Exercise instructions: Below are the records; output them exactly from the first line through the line with "define M where", stopping there.

Collected data entries:
text \<open>The rows of the Cesaro limit of the transition matrix are stationary distributions,
  and the long-run payoff is the payoff averaged over the row of the initial outcome.\<close>
lemma longrun_payoff_stationary:
  assumes "is_mem1_vector (fst X)" "is_mem1_vector (fst Y)"
  obtains l where "stationary_dist (fst X) (fst Y) l"
    "longrun_payoff R P X Y = osum (\<lambda>w. l w * SX R P w)"
proof -
  define M where "M = trans_matrix (fst X) (fst Y)"
  define w\<^sub>0 where "w\<^sub>0 = mk_outcome (snd X) (snd Y)"
  obtain L where L: "cesaro_mean M \<longlonglongrightarrow> L" "L ** M = L" "stochastic L"
    using stochastic_trans_matrix[OF assms] unfolding M_def by (rule cesaro_mean_converges)
  define l where "l w = L $ w\<^sub>0 $ w" for w
  have "(\<Sum>n<N. expected_payoff R P X Y n) = osum (\<lambda>w. (\<Sum>n<N. mat_power M n $ w\<^sub>0 $ w) * SX R P w)"
    for N
    by (simp add: expected_payoff_def outcome_dist_eq_mat_power M_def w\<^sub>0_def osum_def
        sum.distrib sum_distrib_right)
  then have "(\<Sum>n<N. expected_payoff R P X Y n) / real N = osum (\<lambda>w. cesaro_mean M N $ w\<^sub>0 $ w * SX R P w)"
    for N
    by (simp add: cesaro_mean_entry osum_def add_divide_distrib)
  moreover have "(\<lambda>N. osum (\<lambda>w. cesaro_mean M N $ w\<^sub>0 $ w * SX R P w)) \<longlonglongrightarrow> osum (\<lambda>w. l w * SX R P w)"
    unfolding osum_def l_def by (intro tendsto_intros L(1))
  ultimately have "(\<lambda>N. (\<Sum>n<N. expected_payoff R P X Y n) / real N) \<longlonglongrightarrow> osum (\<lambda>w. l w * SX R P w)"
    by simp
  then have payoff: "longrun_payoff R P X Y = osum (\<lambda>w. l w * SX R P w)"
    unfolding longrun_payoff_def by (rule limI)
  have "l w' = osum (\<lambda>w. l w * trans (fst X) (fst Y) w w')" for w'
    using arg_cong[OF L(2), of "\<lambda>L. L $ w\<^sub>0 $ w'"]
    by (simp add: matrix_matrix_mult_def sum_UNIV_outcome l_def M_def trans_matrix_def)
  moreover have "\<forall>w. 0 \<le> l w" "osum l = 1"
    using L(3) by (auto simp: stochastic_def l_def sum_UNIV_outcome[symmetric])
  ultimately have "stationary_dist (fst X) (fst Y) l" unfolding stationary_dist_def by blast
  then show ?thesis using payoff by (rule that)
qed

lemma outcome_dist_firm_defector_self:
  assumes "firm (fst X)" "snd X = False"
  shows "outcome_dist X X n w = (if w = DD then 1 else 0)"
  using assms
  by (induction n arbitrary: w) (auto simp: mk_outcome_def firm_def osum_def trans_def
      play_prob_def elim: own_play.elims other_play.elims)

lemma longrun_payoff_firm_defector_self:
  assumes "firm (fst X)" "snd X = False"
  shows "longrun_payoff R P X X = P"
proof -
  have "\<forall>N\<ge>1. (\<Sum>n<N. expected_payoff R P X X n) / real N = P"
    by (simp add: expected_payoff_def outcome_dist_firm_defector_self[OF assms] osum_def)
  then have "(\<lambda>N. (\<Sum>n<N. expected_payoff R P X X n) / real N) \<longlonglongrightarrow> P"
    by (intro tendsto_eventually) (auto simp: eventually_sequentially)
  then show ?thesis unfolding longrun_payoff_def by (rule limI)
qed

text \<open>Akin's lemma: in a stationary state, the frequency with which the opponent (playing q)
  cooperated in the previous round equals the frequency with which it cooperates now.\<close>
lemma stationary_dist_opponent_coop:
  assumes "stationary_dist p q l"
  shows "osum (\<lambda>w. l w * tilde (swap_outcome w)) = osum (\<lambda>w. l w * q (swap_outcome w))"
proof -
  have "osum (\<lambda>w. l w * q (swap_outcome w))
      = osum (\<lambda>w. l w * trans p q w CC) + osum (\<lambda>w. l w * trans p q w DC)"
    by (simp add: osum_def trans_def play_prob_def algebra_simps)
  also have "\<dots> = l CC + l DC"
    using stationary_distD(3)[OF assms, of CC] stationary_distD(3)[OF assms, of DC] by linarith
  also have "\<dots> = osum (\<lambda>w. l w * tilde (swap_outcome w))" by (simp add: osum_def)
  finally show ?thesis ..
qed

lemma press_dyson_relation:
  assumes "stationary_dist p q l" "PD_decomp R P q \<alpha> \<beta> \<gamma> \<delta>"
  shows "\<alpha> * osum (\<lambda>w. l w * SY R P w) + \<beta> * osum (\<lambda>w. l w * SX R P w) + \<gamma>
           + \<delta> * osum (\<lambda>w. l w * e23 w) = 0"
proof -
  have "q (swap_outcome w) - tilde (swap_outcome w) = \<alpha> * SY R P w + \<beta> * SX R P w + \<gamma> + \<delta> * e23 w"
    for w using assms(2) unfolding PD_decomp_def
    by (cases w) (metis swap_outcome.simps SX.simps SY.simps e23.simps)+
  then have "osum (\<lambda>w. l w * (\<alpha> * SY R P w + \<beta> * SX R P w + \<gamma> + \<delta> * e23 w)) = 0"
    using stationary_dist_opponent_coop[OF assms(1)] by (simp add: osum_def algebra_simps)
  moreover have "osum (\<lambda>w. l w * (\<alpha> * SY R P w + \<beta> * SX R P w + \<gamma> + \<delta> * e23 w))
      = \<alpha> * osum (\<lambda>w. l w * SY R P w) + \<beta> * osum (\<lambda>w. l w * SX R P w) + \<gamma> * osum l
        + \<delta> * osum (\<lambda>w. l w * e23 w)"
    by (simp add: osum_def algebra_simps)
  ultimately show ?thesis using stationary_distD(2)[OF assms(1)] by simp
qed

Problem solution:
text \<open>The rows of the Cesaro limit of the transition matrix are stationary distributions,
  and the long-run payoff is the payoff averaged over the row of the initial outcome.\<close>
lemma longrun_payoff_stationary:
  assumes "is_mem1_vector (fst X)" "is_mem1_vector (fst Y)"
  obtains l where "stationary_dist (fst X) (fst Y) l"
    "longrun_payoff R P X Y = osum (\<lambda>w. l w * SX R P w)"
proof -
  define M where "M = trans_matrix (fst X) (fst Y)"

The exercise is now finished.